Figure 3. Variation in voltage with cycle number during the charging stage.

As also observed in Figure 3, with increasing charge cycles, the area enclosed by the CC-phase voltage curve and the time axis shifts leftward and shows a monotonic decreasing trend, indicating a gradual reduction in the energy charged during the CC phase. Overall, the total energy delivered during the entire CC charging stage progressively decreases. Based on this observation, the area enclosed by the voltage curve (from 3.9 V to 4.2 V) and the time axis—specifically, the area under the constant-voltage charging segment—is extracted as the second health feature, denoted as HF2.

Figure 4 illustrates the variation trend of current during the charging process across different cycle numbers. The results demonstrate that the current drops to the cutoff value more rapidly. The current curve shifts leftward, reflecting a continuous reduction in the CC charging duration and a corresponding extension of the constant-voltage (CV) charging time. The most significant changes occur within the current range from 1.5 A down to 0.6 A during the CV phase. Therefore, the area enclosed by the current curve (from 1.5 A to 0.6 A) and the time axis—representing the area under the constant-current fading segment during CV charging—is selected as the third health feature, denoted as HF3.

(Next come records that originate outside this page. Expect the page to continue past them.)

lemma Pow_fringe_off_spine_subset:
  assumes "reduced t"
  shows "Pow (fringe_off_spine t) \<subseteq> admissible_cuts_plus t"
proof
  fix c assume "c \<in> Pow (fringe_off_spine t)"
  then have cF: "c \<subseteq> fringe t" and spine: "\<not> (\<exists>v\<in>c. prefix v (last (leafpaths t)))"
    by (auto simp: fringe_off_spine_def)
  have cI: "c \<subseteq> internal t"
    using cF fringe_subset_internal by blast
  have "card {v \<in> c. prefix v l} \<le> 1" for l
  proof -
    have eq: "\<forall>a\<in>{v \<in> c. prefix v l}. \<forall>b\<in>{v \<in> c. prefix v l}. a = b"
    proof (intro ballI)
      fix a b assume a: "a \<in> {v \<in> c. prefix v l}" and b: "b \<in> {v \<in> c. prefix v l}"
      then have "prefix a b \<or> prefix b a"
        using prefix_same_cases by blast
      moreover have "a \<in> fringe t" "b \<in> fringe t" "a \<in> internal t" "b \<in> internal t"
        using a b cF cI by auto
      ultimately show "a = b"
        using fringe_maximal[of a t b] fringe_maximal[of b t a] by auto
    qed
    have "finite {v \<in> c. prefix v l}"
      using finite_subset[OF cI finite_internal[OF assms]] by simp
    from card_le_Suc0_iff_eq[OF this] eq show ?thesis
      by simp
  qed
  with cI spine show "c \<in> admissible_cuts_plus t"
    unfolding admissible_cuts_plus_def admissible_cuts_def by blast
qed

lemma Nil_notin_admissible_cuts_plus: "c \<in> admissible_cuts_plus t \<Longrightarrow> [] \<notin> c"
  by (auto simp: admissible_cuts_plus_def)

lemma finite_admissible_cuts: "reduced t \<Longrightarrow> finite (admissible_cuts t)"
  by (rule finite_subset[of _ "Pow (internal t)"]) (auto simp: admissible_cuts_def finite_internal)

lemma root_cut_admissible: "{[]} \<in> admissible_cuts (Node ts)"
proof -
  have "{v \<in> {[]}. prefix v l} = {[]}" for l :: path
    by auto
  then show ?thesis
    by (simp add: admissible_cuts_def)
qed

lemma leaf_below_internal:
  assumes "reduced t" and "v \<in> internal t"
  shows "\<exists>l\<in>set (leafpaths t). prefix v l"
proof -
  obtain j where j: "j < length (sector_vertices t)" "v = sector_vertices t ! j"
    using assms set_sector_vertices by (metis in_set_conv_nth)
  then have "prefix v (leafpaths t ! j)" and "j < length (leafpaths t)"
    using common_prefix_iff_prefix_sector_vertex[OF assms(1) j(1), of v]
      nleaves_sector_vertices[OF assms(1)]
    by (auto simp: nleaves_def)
  then show ?thesis by auto
qed

lemma admissible_cut_with_root:
  assumes "reduced t" and c: "c \<in> admissible_cuts t" and "[] \<in> c"
  shows "c = {[]}"
proof (rule ccontr)
  assume "c \<noteq> {[]}"
  with assms obtain v where v: "v \<in> c" "v \<noteq> []" by blast
  with c have "v \<in> internal t"
    by (auto simp: admissible_cuts_def)
  then obtain l where l: "l \<in> set (leafpaths t)" "prefix v l"
    using leaf_below_internal[OF assms(1)] by blast
  have "finite {u \<in> c. prefix u l}"
    using c finite_internal[OF assms(1)] by (auto simp: admissible_cuts_def intro: finite_subset)
  moreover have "{[], v} \<subseteq> {u \<in> c. prefix u l}"
    using v l assms(3) by auto
  ultimately have "card {[], v} \<le> card {u \<in> c. prefix u l}"
    by (rule card_mono)
  also have "\<dots> \<le> 1"
    using c l by (simp add: admissible_cuts_def)
  finally have "card {[], v} \<le> 1" .
  with v show False by simp
qed

lemma corolla_iff_prime_tree_no_fringe_off_spine:
  assumes r: "reduced (Node ts)"
  shows "corolla (Node ts) \<longleftrightarrow> prime_tree (Node ts) \<and> fringe_off_spine (Node ts) = {}"
proof
  assume cor: "corolla (Node ts)"
  have "ts \<noteq> []"
    using r by auto
  with cor have "last ts = Leaf"
    by (simp add: corolla_Node_iff)
  moreover have "fringe (Node ts) \<subseteq> {[]}"
    using cor fringe_subset_internal[of "Node ts"] by (simp add: corolla_def)
  then have "fringe_off_spine (Node ts) = {}"
    by (auto simp: fringe_off_spine_def)
  ultimately show "prime_tree (Node ts) \<and> fringe_off_spine (Node ts) = {}"
    using r by (simp add: prime_tree_Node_iff)
next
  assume "prime_tree (Node ts) \<and> fringe_off_spine (Node ts) = {}"
  then have last: "last ts = Leaf" and no_fringe: "fringe_off_spine (Node ts) = {}"
    using r by (auto simp: prime_tree_Node_iff)
  have ts: "ts \<noteq> []"
    using r by auto
  show "corolla (Node ts)"
  proof (rule ccontr)
    assume "\<not> corolla (Node ts)"
    then obtain u ts' where u: "u \<noteq> []" "sub (Node ts) u = Some (Node ts')"
      by (auto simp: corolla_def internal_def)
    then obtain v where v: "prefix u v" "v \<in> fringe (Node ts)"
      using exists_fringe_below by blast
    with u have "v \<noteq> []"
      by auto
    moreover have "prefix v [length ts - 1]"
      using v(2) no_fringe last_leafpaths_Node[OF r] last by (auto simp: fringe_off_spine_def)
    ultimately have "v = [length ts - 1]"
      by (cases v) auto
    moreover have "sub (Node ts) [length ts - 1] = Some Leaf"
      using ts last by (simp add: last_conv_nth)
    ultimately show False
      using v(2) by (simp add: fringe_def internal_def)
  qed
qed

lemma seen_word_corolla_root:
  assumes "reduced t" and "length w = length (sector_vertices t)" and "corolla t"
  shows "seen_word t w {[]} = w"
  unfolding seen_word_eq_select_letters[OF assms(1,2)]
  by (rule select_letters_all[OF assms(2)])
     (use assms set_sector_vertices[OF assms(1)] in \<open>auto simp: corolla_def\<close>)

section \<open>\<open>\<kappa>\<close> on the trunk of a cut\<close>

lemma kappa_single:
  "kappa \<phi> [x] =
    (if fst x \<in> PST (length (snd x))
     then (-1) ^ (ninternal (fst x) - 1) * (\<Prod>v\<in>internal (fst x). \<phi> (seen_word (fst x) (snd x) {v}))
     else 0)"
  by (simp add: kappa_def)

lemma kappa_Cons_Cons: "kappa \<phi> (x # y # zs) = 0"
  by (simp add: kappa_def)

lemma kappa_Rc:
  assumes r: "reduced t" and l: "length w = length (sector_vertices t)"
    and c: "c \<in> admissible_cuts_plus t"
  shows "kappa \<phi> [Rc c (t, w)] =
    (if prime_tree t
     then (-1) ^ (card {u \<in> internal t. uncut c u} - 1) *
          (\<Prod>u | u \<in> internal t \<and> uncut c u. \<phi> (seen_word t w {u}))
     else 0)"
proof -
  let ?R = "rcut c t" and ?w = "snd (Rc c (t, w))"
  have R: "fst (Rc c (t, w)) = ?R"
    by (simp add: Rc_def)
  have "prime_tree ?R \<longleftrightarrow> prime_tree t"
  proof (cases t)
    case Leaf
    then show ?thesis by (simp add: prime_tree_def)
  next
    case (Node ts)
    with r c prime_tree_rcut[of ts c] show ?thesis
      by (simp add: admissible_cuts_plus_def)
  qed
  moreover have "weight ?R = length ?w"
    using length_snd_Rc[OF r l] nleaves_sector_vertices[OF reduced_rcut[OF r]]
    by (simp add: weight_def)
  ultimately have "?R \<in> PST (length ?w) \<longleftrightarrow> prime_tree t"
    by (simp add: PST_def reduced_rcut[OF r])
  moreover have "(\<Prod>v\<in>internal ?R. \<phi> (seen_word ?R ?w {v})) =
      (\<Prod>u | u \<in> internal t \<and> uncut c u. \<phi> (seen_word t w {u}))"
    unfolding internal_rcut[OF r]
    using seen_word_Rc[OF r l] by (intro prod.cong) auto
  ultimately show ?thesis
    by (simp add: kappa_single R ninternal_def internal_rcut[OF r])
qed

section \<open>The left coproduct on products\<close>

lemma listset_iff_list_all2: "cs \<in> listset As \<longleftrightarrow> list_all2 (\<in>) cs As"
proof (induction As arbitrary: cs)
  case (Cons a As)
  then show ?case by (cases cs) (auto simp: set_Cons_def)
qed auto

lemma finite_listset: "(\<And>A. A \<in> set As \<Longrightarrow> finite A) \<Longrightarrow> finite (listset As)"
proof (induction As)
  case (Cons a As)
  have "listset (a # As) \<subseteq> (\<lambda>(x, xs). x # xs) ` (a \<times> listset As)"
    by (auto simp: set_Cons_def)
  with Cons show ?case
    by (meson finite_SigmaI finite_imageI finite_subset list.set_intros)
qed simp

lemma dtree_ok_Node: "dtree_ok A (t, w) \<Longrightarrow> \<exists>ts. t = Node ts"
  by (cases t) (auto simp: dtree_ok_def weight_def nleaves_def)

lemma fst_Rc_eq_Leaf_iff:
  assumes "dtree_ok A y" and "c \<in> admissible_cuts (fst y)"
  shows "fst (Rc c y) = Leaf \<longleftrightarrow> c = {[]}"
proof -
  obtain t w where y: "y = (t, w)" by (cases y)
  with assms obtain ts where t: "t = Node ts"
    using dtree_ok_Node by blast
  have "reduced t"
    using assms y dtree_ok_reduced_length by blast
  then have "[] \<in> c \<longleftrightarrow> c = {[]}"
    using admissible_cut_with_root[of t c] assms(2) y by auto
  then show ?thesis
    by (simp add: Rc_def y t)
qed

lemma fst_Rc_root: "fst (Rc {[]} y) = Leaf"
  by (cases "fst y") (simp_all add: Rc_def)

Figure 4. Variation in current with cycle number during the charging stage.

Temperature is a critical environmental factor influencing the reliability and safety of lithium-ion batteries, with its variation significantly affecting the aging process. Battery temperature changes primarily stem from ohmic heating and heat generated by internal electrochemical reactions. Figure 5 illustrates the temperature profiles during the charging process under different cycle numbers. During the CC charging phase, the battery temperature initially decreases before rising continuously until the end of this phase. The initial temperature drop can be attributed to the reversible thermal associated with lithium-ion intercalation/deintercalation process; subsequently, the temperature steadily increases and peaks, primarily corresponding to the dominant role of irreversible heat generation process. In the CV phase, the battery temperature gradually decreases due to the continuous irreversible exothermic reaction, eventually approaching the ambient temperature.

Figure 5. Variation in temperature with cycle number during the charging stage.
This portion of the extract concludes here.